* Instructions for the task *
Your task is to transcribe the data in full.

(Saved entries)
text \<open>
  Write \<open>\<phi>(A) = exp (x\<^sup>T M p)\<close> with \<open>M = A - 1\<close>, which vanishes modulo \<open>h\<close>.
  On normally ordered coordinates the Weyl product is Wick's formula
  \<open>f \<star> g = \<Sum>\<^sub>\<kappa> (1/\<kappa>!) \<partial>\<^sub>p\<^sup>\<kappa> f \<cdot> \<partial>\<^sub>x\<^sup>\<kappa> g\<close>. Because \<open>x\<^sup>T M p\<close> is linear in \<open>p\<close>,
  \<open>\<partial>\<^sub>p\<^sup>\<kappa> exp (x\<^sup>T M p) = (x\<^sup>T M)\<^sup>\<kappa> exp (x\<^sup>T M p)\<close>, and likewise
  \<open>\<partial>\<^sub>x\<^sup>\<kappa> exp (x\<^sup>T N p) = (N p)\<^sup>\<kappa> exp (x\<^sup>T N p)\<close>. Summing over \<open>\<kappa>\<close> gives
  \<open>exp (\<Sum>\<^sub>l (x\<^sup>T M)\<^sub>l (N p)\<^sub>l) exp (x\<^sup>T M p) exp (x\<^sup>T N p) = exp (x\<^sup>T (M + N + M N) p)\<close>,
  and \<open>M + N + M N = A B - 1\<close>. All exponentials converge \<open>h\<close>-adically since their
  arguments vanish modulo \<open>h\<close>; identities between them are verified modulo every power
  of \<open>h\<close> by comparison with truncated exponentials.
\<close>

notation fps_nth (infixl \<open>$$\<close> 75) \<comment> \<open>\<open>$\<close> is ambiguous with vector indexing from HOL-Analysis\<close>

lemma poly_mapping_sum_single:
  "p = (\<Sum>a\<in>Poly_Mapping.keys p. Poly_Mapping.single a (Poly_Mapping.lookup p a))"
  by (rule poly_mapping_eqI) (auto simp: lookup_sum lookup_single when_def in_keys_iff)

lemma single_sum: "Poly_Mapping.single k (\<Sum>x\<in>S. f x) = (\<Sum>x\<in>S. Poly_Mapping.single k (f x))"
  by (induction S rule: infinite_finite_induct) (simp_all add: single_add)

lemma prod_UNIV_sum:
  "(\<Prod>v\<in>(UNIV::('a::finite + 'b::finite) set). f v) = (\<Prod>i\<in>UNIV. f (Inl i)) * (\<Prod>j\<in>UNIV. f (Inr j))"
  by (simp add: UNIV_Plus_UNIV[symmetric] prod.Plus del: UNIV_Plus_UNIV)

lemma fact_mult_pochhammer: "fact n * pochhammer (n + 1) k = (fact (n + k) :: nat)"
  unfolding pochhammer_fact pochhammer_product' by (simp add: add.commute)

lemma pochhammer_eq_fact_binomial:
  assumes "k \<le> n"
  shows "pochhammer (Suc (n - k)) k = fact k * (n choose k)"
proof -
  have "fact (n - k) * pochhammer (Suc (n - k)) k = fact n"
    using fact_mult_pochhammer[of "n - k" k] assms by simp
  also have "\<dots> = fact (n - k) * (fact k * (n choose k))"
    using binomial_fact_lemma[OF assms] by (simp add: algebra_simps)
  finally show ?thesis by simp
qed

lemma finite_nat_fun_induct [case_names zero incr]:
  fixes \<mu> :: "'v::finite \<Rightarrow> nat"
  assumes zero: "P (\<lambda>_. 0)" and incr: "\<And>\<mu> v. P \<mu> \<Longrightarrow> P (\<mu>(v := Suc (\<mu> v)))"
  shows "P \<mu>"
proof (induction "sum \<mu> UNIV" arbitrary: \<mu>)
  case 0
  then have "\<mu> = (\<lambda>_. 0)"
    by (simp add: fun_eq_iff)
  with zero show ?case
    by simp
next
  case (Suc n)
  then obtain v where v: "\<mu> v \<noteq> 0"
    by (metis sum.neutral nat.distinct(1))
  define \<mu>' where "\<mu>' = \<mu>(v := \<mu> v - 1)"
  have "sum \<mu> UNIV = \<mu> v + sum \<mu> (UNIV - {v})" and "sum \<mu>' UNIV = \<mu>' v + sum \<mu>' (UNIV - {v})"
    by (simp_all add: sum.remove)
  moreover have "sum \<mu>' (UNIV - {v}) = sum \<mu> (UNIV - {v})"
    by (intro sum.cong) (auto simp: \<mu>'_def)
  ultimately have "n = sum \<mu>' UNIV"
    using Suc.hyps(2) v by (simp add: \<mu>'_def)
  then have "P \<mu>'"
    by (rule Suc.hyps(1))
  moreover have "\<mu> = \<mu>'(v := Suc (\<mu>' v))"
    using v by (auto simp: \<mu>'_def)
  ultimately show ?case
    using incr by metis
qed

lemma prod_power_fun_upd_Suc:
  fixes \<mu> :: "'v::finite \<Rightarrow> nat"
  shows "(\<Prod>w\<in>UNIV. g w ^ (\<mu>(v := Suc (\<mu> v))) w) = (\<Prod>w\<in>UNIV. g w ^ \<mu> w) * (g v :: 'a::comm_monoid_mult)"
proof -
  have "g w ^ (\<mu>(v := Suc (\<mu> v))) w = g w ^ \<mu> w * (if w = v then g w else 1)" for w
    by (simp add: mult.commute)
  then show ?thesis
    by (simp add: prod.distrib prod.delta)
qed

lemma dvd_diff_mult:
  fixes d :: "'a::comm_ring_1"
  assumes "d dvd a - a'" "d dvd b - b'"
  shows "d dvd a * b - a' * b'"
proof -
  have "a * b - a' * b' = a * (b - b') + (a - a') * b'"
    by (simp add: algebra_simps)
  then show ?thesis
    using assms by (simp add: dvd_add dvd_mult dvd_mult2)
qed

lemma dvd_diff_commute: "(d :: 'a::comm_ring_1) dvd a - b \<Longrightarrow> d dvd b - a"
  by (metis dvd_minus_iff minus_diff_eq)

* Task result *
text \<open>
  Write \<open>\<phi>(A) = exp (x\<^sup>T M p)\<close> with \<open>M = A - 1\<close>, which vanishes modulo \<open>h\<close>.
  On normally ordered coordinates the Weyl product is Wick's formula
  \<open>f \<star> g = \<Sum>\<^sub>\<kappa> (1/\<kappa>!) \<partial>\<^sub>p\<^sup>\<kappa> f \<cdot> \<partial>\<^sub>x\<^sup>\<kappa> g\<close>. Because \<open>x\<^sup>T M p\<close> is linear in \<open>p\<close>,
  \<open>\<partial>\<^sub>p\<^sup>\<kappa> exp (x\<^sup>T M p) = (x\<^sup>T M)\<^sup>\<kappa> exp (x\<^sup>T M p)\<close>, and likewise
  \<open>\<partial>\<^sub>x\<^sup>\<kappa> exp (x\<^sup>T N p) = (N p)\<^sup>\<kappa> exp (x\<^sup>T N p)\<close>. Summing over \<open>\<kappa>\<close> gives
  \<open>exp (\<Sum>\<^sub>l (x\<^sup>T M)\<^sub>l (N p)\<^sub>l) exp (x\<^sup>T M p) exp (x\<^sup>T N p) = exp (x\<^sup>T (M + N + M N) p)\<close>,
  and \<open>M + N + M N = A B - 1\<close>. All exponentials converge \<open>h\<close>-adically since their
  arguments vanish modulo \<open>h\<close>; identities between them are verified modulo every power
  of \<open>h\<close> by comparison with truncated exponentials.
\<close>

notation fps_nth (infixl \<open>$$\<close> 75) \<comment> \<open>\<open>$\<close> is ambiguous with vector indexing from HOL-Analysis\<close>

lemma poly_mapping_sum_single:
  "p = (\<Sum>a\<in>Poly_Mapping.keys p. Poly_Mapping.single a (Poly_Mapping.lookup p a))"
  by (rule poly_mapping_eqI) (auto simp: lookup_sum lookup_single when_def in_keys_iff)

lemma single_sum: "Poly_Mapping.single k (\<Sum>x\<in>S. f x) = (\<Sum>x\<in>S. Poly_Mapping.single k (f x))"
  by (induction S rule: infinite_finite_induct) (simp_all add: single_add)

lemma prod_UNIV_sum:
  "(\<Prod>v\<in>(UNIV::('a::finite + 'b::finite) set). f v) = (\<Prod>i\<in>UNIV. f (Inl i)) * (\<Prod>j\<in>UNIV. f (Inr j))"
  by (simp add: UNIV_Plus_UNIV[symmetric] prod.Plus del: UNIV_Plus_UNIV)

lemma fact_mult_pochhammer: "fact n * pochhammer (n + 1) k = (fact (n + k) :: nat)"
  unfolding pochhammer_fact pochhammer_product' by (simp add: add.commute)

lemma pochhammer_eq_fact_binomial:
  assumes "k \<le> n"
  shows "pochhammer (Suc (n - k)) k = fact k * (n choose k)"
proof -
  have "fact (n - k) * pochhammer (Suc (n - k)) k = fact n"
    using fact_mult_pochhammer[of "n - k" k] assms by simp
  also have "\<dots> = fact (n - k) * (fact k * (n choose k))"
    using binomial_fact_lemma[OF assms] by (simp add: algebra_simps)
  finally show ?thesis by simp
qed

lemma finite_nat_fun_induct [case_names zero incr]:
  fixes \<mu> :: "'v::finite \<Rightarrow> nat"
  assumes zero: "P (\<lambda>_. 0)" and incr: "\<And>\<mu> v. P \<mu> \<Longrightarrow> P (\<mu>(v := Suc (\<mu> v)))"
  shows "P \<mu>"
proof (induction "sum \<mu> UNIV" arbitrary: \<mu>)
  case 0
  then have "\<mu> = (\<lambda>_. 0)"
    by (simp add: fun_eq_iff)
  with zero show ?case
    by simp
next
  case (Suc n)
  then obtain v where v: "\<mu> v \<noteq> 0"
    by (metis sum.neutral nat.distinct(1))
  define \<mu>' where "\<mu>' = \<mu>(v := \<mu> v - 1)"
  have "sum \<mu> UNIV = \<mu> v + sum \<mu> (UNIV - {v})" and "sum \<mu>' UNIV = \<mu>' v + sum \<mu>' (UNIV - {v})"
    by (simp_all add: sum.remove)
  moreover have "sum \<mu>' (UNIV - {v}) = sum \<mu> (UNIV - {v})"
    by (intro sum.cong) (auto simp: \<mu>'_def)
  ultimately have "n = sum \<mu>' UNIV"
    using Suc.hyps(2) v by (simp add: \<mu>'_def)
  then have "P \<mu>'"
    by (rule Suc.hyps(1))
  moreover have "\<mu> = \<mu>'(v := Suc (\<mu>' v))"
    using v by (auto simp: \<mu>'_def)
  ultimately show ?case
    using incr by metis
qed

lemma prod_power_fun_upd_Suc:
  fixes \<mu> :: "'v::finite \<Rightarrow> nat"
  shows "(\<Prod>w\<in>UNIV. g w ^ (\<mu>(v := Suc (\<mu> v))) w) = (\<Prod>w\<in>UNIV. g w ^ \<mu> w) * (g v :: 'a::comm_monoid_mult)"
proof -
  have "g w ^ (\<mu>(v := Suc (\<mu> v))) w = g w ^ \<mu> w * (if w = v then g w else 1)" for w
    by (simp add: mult.commute)
  then show ?thesis
    by (simp add: prod.distrib prod.delta)
qed

lemma dvd_diff_mult:
  fixes d :: "'a::comm_ring_1"
  assumes "d dvd a - a'" "d dvd b - b'"
  shows "d dvd a * b - a' * b'"
proof -
  have "a * b - a' * b' = a * (b - b') + (a - a') * b'"
    by (simp add: algebra_simps)
  then show ?thesis
    using assms by (simp add: dvd_add dvd_mult dvd_mult2)
qed

lemma dvd_diff_commute: "(d :: 'a::comm_ring_1) dvd a - b \<Longrightarrow> d dvd b - a"
  by (metis dvd_minus_iff minus_diff_eq)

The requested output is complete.